→ Work request: Using the data beneath this instruction, retype only the lines from the one that contains "by (simp add: sum.reindex_bij_betw)" down to the one that contains "((\<lambda>i. - sum_zero_extension", both included, exactly as they appear.

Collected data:
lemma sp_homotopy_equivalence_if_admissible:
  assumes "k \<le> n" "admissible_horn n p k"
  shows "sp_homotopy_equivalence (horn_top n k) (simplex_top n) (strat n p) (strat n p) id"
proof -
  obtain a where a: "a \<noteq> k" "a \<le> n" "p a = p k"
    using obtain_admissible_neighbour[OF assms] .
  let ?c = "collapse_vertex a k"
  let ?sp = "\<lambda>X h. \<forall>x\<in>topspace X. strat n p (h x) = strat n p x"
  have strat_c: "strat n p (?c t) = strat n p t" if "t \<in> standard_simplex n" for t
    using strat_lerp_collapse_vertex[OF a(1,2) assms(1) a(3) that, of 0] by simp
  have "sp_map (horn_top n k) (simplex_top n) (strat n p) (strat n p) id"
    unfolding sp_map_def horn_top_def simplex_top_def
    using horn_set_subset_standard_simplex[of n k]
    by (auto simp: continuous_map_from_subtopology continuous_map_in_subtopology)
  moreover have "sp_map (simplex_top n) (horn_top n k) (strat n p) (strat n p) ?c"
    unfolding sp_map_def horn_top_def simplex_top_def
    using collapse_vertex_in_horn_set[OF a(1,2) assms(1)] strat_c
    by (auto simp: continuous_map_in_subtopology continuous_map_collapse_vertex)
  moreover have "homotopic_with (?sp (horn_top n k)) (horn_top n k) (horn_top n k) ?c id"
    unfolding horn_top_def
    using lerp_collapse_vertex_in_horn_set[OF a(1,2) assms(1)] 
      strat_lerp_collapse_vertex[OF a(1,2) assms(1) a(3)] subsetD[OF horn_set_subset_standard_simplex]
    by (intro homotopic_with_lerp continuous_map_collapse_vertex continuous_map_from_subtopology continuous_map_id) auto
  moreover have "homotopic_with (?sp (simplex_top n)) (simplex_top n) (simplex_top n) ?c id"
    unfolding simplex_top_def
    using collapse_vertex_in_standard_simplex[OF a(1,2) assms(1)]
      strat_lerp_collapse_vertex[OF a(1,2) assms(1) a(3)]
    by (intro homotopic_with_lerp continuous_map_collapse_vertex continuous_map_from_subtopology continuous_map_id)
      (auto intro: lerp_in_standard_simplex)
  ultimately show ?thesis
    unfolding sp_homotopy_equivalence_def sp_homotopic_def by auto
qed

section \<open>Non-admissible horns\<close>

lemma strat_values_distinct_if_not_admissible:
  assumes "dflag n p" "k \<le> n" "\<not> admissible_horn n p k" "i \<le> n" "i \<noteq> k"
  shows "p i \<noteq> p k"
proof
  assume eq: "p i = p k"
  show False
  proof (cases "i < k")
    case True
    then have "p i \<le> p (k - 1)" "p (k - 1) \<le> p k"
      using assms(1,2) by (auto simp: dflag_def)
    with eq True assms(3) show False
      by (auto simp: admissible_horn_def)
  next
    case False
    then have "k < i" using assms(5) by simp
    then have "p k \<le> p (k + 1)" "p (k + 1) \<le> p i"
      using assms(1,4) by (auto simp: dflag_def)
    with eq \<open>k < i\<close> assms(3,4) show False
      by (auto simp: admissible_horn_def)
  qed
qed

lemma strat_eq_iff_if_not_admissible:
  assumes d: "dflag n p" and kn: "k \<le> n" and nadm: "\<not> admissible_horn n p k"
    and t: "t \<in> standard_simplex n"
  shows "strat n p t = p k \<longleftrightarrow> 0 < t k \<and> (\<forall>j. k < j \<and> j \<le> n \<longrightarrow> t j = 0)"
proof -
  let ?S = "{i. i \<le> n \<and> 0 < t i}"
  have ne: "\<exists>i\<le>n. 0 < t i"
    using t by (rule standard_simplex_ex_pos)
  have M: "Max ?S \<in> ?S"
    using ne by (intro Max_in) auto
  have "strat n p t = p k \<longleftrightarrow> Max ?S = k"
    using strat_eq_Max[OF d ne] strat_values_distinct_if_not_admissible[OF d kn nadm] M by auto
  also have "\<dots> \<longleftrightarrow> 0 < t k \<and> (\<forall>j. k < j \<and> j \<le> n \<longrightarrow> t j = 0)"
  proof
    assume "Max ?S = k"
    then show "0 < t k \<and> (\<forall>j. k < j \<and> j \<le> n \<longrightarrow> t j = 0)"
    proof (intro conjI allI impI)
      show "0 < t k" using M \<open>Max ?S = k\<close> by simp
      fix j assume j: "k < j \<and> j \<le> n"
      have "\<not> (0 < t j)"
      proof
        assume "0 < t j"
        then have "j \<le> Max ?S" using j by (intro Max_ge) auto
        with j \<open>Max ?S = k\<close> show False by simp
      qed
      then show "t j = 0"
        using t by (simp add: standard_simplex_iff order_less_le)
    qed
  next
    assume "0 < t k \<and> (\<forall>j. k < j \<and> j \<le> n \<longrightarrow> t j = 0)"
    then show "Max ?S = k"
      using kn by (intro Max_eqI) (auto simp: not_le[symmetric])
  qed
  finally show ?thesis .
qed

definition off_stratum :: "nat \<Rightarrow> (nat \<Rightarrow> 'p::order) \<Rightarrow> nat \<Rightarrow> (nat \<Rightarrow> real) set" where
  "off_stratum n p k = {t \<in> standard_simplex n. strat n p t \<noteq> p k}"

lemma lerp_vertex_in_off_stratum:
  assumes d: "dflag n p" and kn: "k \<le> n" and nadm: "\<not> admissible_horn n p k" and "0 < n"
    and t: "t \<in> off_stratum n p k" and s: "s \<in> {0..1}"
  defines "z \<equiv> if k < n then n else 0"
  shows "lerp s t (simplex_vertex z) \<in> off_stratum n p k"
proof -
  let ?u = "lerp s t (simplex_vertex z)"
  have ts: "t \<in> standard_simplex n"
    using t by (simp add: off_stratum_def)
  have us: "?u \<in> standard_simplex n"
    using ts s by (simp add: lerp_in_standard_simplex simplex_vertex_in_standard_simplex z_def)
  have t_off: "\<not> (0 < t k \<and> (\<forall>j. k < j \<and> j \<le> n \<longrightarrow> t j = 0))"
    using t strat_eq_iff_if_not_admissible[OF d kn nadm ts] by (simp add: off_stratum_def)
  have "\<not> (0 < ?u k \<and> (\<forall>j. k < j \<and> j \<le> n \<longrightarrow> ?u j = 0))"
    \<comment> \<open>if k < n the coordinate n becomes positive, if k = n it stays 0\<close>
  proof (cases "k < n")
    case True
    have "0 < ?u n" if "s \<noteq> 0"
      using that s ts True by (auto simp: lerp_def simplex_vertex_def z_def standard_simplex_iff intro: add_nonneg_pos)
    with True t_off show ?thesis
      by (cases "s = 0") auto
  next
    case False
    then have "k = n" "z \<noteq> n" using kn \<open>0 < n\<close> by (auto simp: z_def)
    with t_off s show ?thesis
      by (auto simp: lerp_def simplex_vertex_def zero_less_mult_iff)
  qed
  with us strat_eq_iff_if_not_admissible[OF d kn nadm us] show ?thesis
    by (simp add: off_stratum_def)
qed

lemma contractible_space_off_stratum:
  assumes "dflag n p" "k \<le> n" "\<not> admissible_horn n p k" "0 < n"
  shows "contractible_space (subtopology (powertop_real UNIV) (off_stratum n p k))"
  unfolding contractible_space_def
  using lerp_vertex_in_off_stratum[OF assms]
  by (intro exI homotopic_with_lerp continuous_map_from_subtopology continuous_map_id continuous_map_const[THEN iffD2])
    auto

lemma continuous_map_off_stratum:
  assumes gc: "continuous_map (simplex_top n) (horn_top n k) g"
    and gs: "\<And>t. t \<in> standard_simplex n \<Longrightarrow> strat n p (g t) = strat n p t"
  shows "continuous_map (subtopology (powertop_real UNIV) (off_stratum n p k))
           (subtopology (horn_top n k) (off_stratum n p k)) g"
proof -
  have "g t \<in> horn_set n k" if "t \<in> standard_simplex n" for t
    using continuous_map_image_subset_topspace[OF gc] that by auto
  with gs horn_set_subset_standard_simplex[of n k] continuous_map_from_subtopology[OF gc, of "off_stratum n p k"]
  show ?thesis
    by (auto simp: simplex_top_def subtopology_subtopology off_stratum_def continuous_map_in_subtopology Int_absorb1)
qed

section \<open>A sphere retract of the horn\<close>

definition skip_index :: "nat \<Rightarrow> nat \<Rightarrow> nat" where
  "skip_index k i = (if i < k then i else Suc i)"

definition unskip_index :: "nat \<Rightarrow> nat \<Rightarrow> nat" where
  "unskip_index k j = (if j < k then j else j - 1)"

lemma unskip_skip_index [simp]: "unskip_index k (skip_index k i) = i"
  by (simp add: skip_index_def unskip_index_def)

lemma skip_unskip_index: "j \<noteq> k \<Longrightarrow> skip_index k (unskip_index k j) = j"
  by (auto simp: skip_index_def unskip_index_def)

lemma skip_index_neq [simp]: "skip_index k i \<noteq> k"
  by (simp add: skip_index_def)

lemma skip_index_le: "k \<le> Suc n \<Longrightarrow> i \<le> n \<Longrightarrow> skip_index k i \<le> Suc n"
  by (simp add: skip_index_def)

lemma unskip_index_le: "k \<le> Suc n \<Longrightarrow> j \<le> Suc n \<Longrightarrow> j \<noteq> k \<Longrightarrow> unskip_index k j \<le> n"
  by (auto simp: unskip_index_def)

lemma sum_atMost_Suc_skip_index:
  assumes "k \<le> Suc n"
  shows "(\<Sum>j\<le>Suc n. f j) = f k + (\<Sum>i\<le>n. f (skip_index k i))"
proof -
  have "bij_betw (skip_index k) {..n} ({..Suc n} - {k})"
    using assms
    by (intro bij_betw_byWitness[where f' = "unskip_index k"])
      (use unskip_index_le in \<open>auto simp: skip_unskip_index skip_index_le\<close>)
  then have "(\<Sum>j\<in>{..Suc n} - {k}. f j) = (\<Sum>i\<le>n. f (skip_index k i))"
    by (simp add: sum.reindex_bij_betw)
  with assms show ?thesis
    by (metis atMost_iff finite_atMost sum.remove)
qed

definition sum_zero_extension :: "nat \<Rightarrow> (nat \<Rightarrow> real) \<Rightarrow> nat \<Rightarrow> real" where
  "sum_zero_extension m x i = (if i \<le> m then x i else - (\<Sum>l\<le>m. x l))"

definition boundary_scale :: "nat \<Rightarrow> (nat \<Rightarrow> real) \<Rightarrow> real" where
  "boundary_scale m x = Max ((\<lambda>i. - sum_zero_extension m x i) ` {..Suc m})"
---
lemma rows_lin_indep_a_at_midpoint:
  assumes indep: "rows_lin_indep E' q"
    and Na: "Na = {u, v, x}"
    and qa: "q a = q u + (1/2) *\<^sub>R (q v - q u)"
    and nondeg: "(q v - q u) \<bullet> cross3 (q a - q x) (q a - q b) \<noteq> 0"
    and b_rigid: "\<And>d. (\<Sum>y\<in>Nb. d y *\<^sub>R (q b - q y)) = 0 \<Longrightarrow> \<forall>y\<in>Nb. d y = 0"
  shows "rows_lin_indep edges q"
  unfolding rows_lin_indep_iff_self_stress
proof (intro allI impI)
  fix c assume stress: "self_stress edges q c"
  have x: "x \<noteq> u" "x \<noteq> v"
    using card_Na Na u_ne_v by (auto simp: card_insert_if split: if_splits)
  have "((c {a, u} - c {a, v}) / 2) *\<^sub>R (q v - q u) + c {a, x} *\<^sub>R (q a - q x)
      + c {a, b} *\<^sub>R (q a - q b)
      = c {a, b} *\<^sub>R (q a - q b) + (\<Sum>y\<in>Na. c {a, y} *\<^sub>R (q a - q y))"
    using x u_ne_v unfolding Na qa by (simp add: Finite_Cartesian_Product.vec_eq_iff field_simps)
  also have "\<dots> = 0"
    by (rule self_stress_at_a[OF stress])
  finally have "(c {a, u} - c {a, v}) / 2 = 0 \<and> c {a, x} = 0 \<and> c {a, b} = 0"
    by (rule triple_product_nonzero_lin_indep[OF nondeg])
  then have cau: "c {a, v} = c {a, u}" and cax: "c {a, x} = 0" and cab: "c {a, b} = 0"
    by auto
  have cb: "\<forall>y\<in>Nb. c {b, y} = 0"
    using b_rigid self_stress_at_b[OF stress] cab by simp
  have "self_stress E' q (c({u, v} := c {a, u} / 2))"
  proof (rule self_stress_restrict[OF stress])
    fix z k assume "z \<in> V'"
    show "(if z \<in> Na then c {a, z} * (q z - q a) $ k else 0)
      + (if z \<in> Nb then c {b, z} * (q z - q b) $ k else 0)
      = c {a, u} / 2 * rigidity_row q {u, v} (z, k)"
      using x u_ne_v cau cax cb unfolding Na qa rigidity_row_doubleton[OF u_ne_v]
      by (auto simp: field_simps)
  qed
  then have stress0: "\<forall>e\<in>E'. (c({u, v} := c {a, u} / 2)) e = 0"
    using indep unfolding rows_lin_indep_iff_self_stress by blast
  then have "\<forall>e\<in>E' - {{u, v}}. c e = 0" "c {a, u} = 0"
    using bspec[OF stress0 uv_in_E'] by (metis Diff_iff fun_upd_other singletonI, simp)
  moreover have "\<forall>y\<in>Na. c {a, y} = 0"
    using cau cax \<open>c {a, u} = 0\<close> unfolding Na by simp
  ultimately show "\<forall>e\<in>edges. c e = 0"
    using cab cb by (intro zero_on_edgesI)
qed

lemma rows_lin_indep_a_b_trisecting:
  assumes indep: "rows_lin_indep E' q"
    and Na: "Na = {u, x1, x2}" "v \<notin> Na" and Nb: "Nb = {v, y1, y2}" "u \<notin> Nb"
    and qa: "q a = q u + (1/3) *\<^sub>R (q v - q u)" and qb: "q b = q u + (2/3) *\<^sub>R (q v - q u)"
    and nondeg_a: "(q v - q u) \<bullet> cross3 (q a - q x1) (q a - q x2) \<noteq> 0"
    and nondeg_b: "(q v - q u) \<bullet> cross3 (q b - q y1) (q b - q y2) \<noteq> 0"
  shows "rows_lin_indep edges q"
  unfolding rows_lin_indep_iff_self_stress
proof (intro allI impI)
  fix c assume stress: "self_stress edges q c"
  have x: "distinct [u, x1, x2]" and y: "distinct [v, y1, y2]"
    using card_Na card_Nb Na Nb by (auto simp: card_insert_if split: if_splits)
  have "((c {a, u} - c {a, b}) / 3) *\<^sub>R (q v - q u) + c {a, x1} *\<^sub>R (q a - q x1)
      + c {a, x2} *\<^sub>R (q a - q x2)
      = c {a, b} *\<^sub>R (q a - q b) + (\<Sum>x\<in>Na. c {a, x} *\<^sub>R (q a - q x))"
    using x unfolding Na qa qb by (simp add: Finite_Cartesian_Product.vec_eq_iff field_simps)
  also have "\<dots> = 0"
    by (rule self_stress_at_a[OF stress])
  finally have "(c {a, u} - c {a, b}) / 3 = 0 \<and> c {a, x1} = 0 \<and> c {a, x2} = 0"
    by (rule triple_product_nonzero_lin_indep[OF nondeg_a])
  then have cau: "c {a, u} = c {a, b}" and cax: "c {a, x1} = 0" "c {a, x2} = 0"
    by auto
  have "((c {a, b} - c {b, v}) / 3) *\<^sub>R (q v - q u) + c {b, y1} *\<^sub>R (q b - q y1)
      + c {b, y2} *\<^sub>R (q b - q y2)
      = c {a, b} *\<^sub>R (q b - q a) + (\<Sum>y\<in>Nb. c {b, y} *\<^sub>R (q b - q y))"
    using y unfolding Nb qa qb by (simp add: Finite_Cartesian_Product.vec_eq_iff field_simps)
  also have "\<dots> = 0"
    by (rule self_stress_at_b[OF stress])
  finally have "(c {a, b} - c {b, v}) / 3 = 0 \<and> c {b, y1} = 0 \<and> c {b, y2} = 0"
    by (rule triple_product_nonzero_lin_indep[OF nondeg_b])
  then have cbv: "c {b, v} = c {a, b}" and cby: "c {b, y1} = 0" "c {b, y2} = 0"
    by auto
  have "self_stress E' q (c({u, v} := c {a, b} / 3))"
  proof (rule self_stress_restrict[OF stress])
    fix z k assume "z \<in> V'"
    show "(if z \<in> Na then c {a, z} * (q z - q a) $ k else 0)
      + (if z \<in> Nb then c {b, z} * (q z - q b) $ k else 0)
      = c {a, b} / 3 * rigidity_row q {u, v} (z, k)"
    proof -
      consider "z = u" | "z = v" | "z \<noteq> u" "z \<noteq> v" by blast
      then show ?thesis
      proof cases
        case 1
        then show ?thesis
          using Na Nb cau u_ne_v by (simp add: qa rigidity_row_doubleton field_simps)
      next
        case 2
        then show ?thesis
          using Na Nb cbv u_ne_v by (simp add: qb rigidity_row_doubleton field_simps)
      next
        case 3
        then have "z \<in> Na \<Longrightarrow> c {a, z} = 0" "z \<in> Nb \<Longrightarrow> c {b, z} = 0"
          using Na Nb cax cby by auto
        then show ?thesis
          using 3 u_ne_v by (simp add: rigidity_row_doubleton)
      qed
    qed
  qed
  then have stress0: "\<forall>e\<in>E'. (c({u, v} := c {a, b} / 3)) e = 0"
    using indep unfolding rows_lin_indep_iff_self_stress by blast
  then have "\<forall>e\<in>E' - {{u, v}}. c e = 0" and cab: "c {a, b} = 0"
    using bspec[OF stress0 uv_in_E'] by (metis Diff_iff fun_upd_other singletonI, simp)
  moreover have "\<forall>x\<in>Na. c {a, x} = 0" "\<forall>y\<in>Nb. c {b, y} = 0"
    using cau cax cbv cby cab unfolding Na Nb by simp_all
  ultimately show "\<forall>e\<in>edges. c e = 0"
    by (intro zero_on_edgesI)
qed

→ Solution for this exercise:
    by (simp add: sum.reindex_bij_betw)
  with assms show ?thesis
    by (metis atMost_iff finite_atMost sum.remove)
qed

definition sum_zero_extension :: "nat \<Rightarrow> (nat \<Rightarrow> real) \<Rightarrow> nat \<Rightarrow> real" where
  "sum_zero_extension m x i = (if i \<le> m then x i else - (\<Sum>l\<le>m. x l))"

definition boundary_scale :: "nat \<Rightarrow> (nat \<Rightarrow> real) \<Rightarrow> real" where
  "boundary_scale m x = Max ((\<lambda>i. - sum_zero_extension m x i) ` {..Suc m})"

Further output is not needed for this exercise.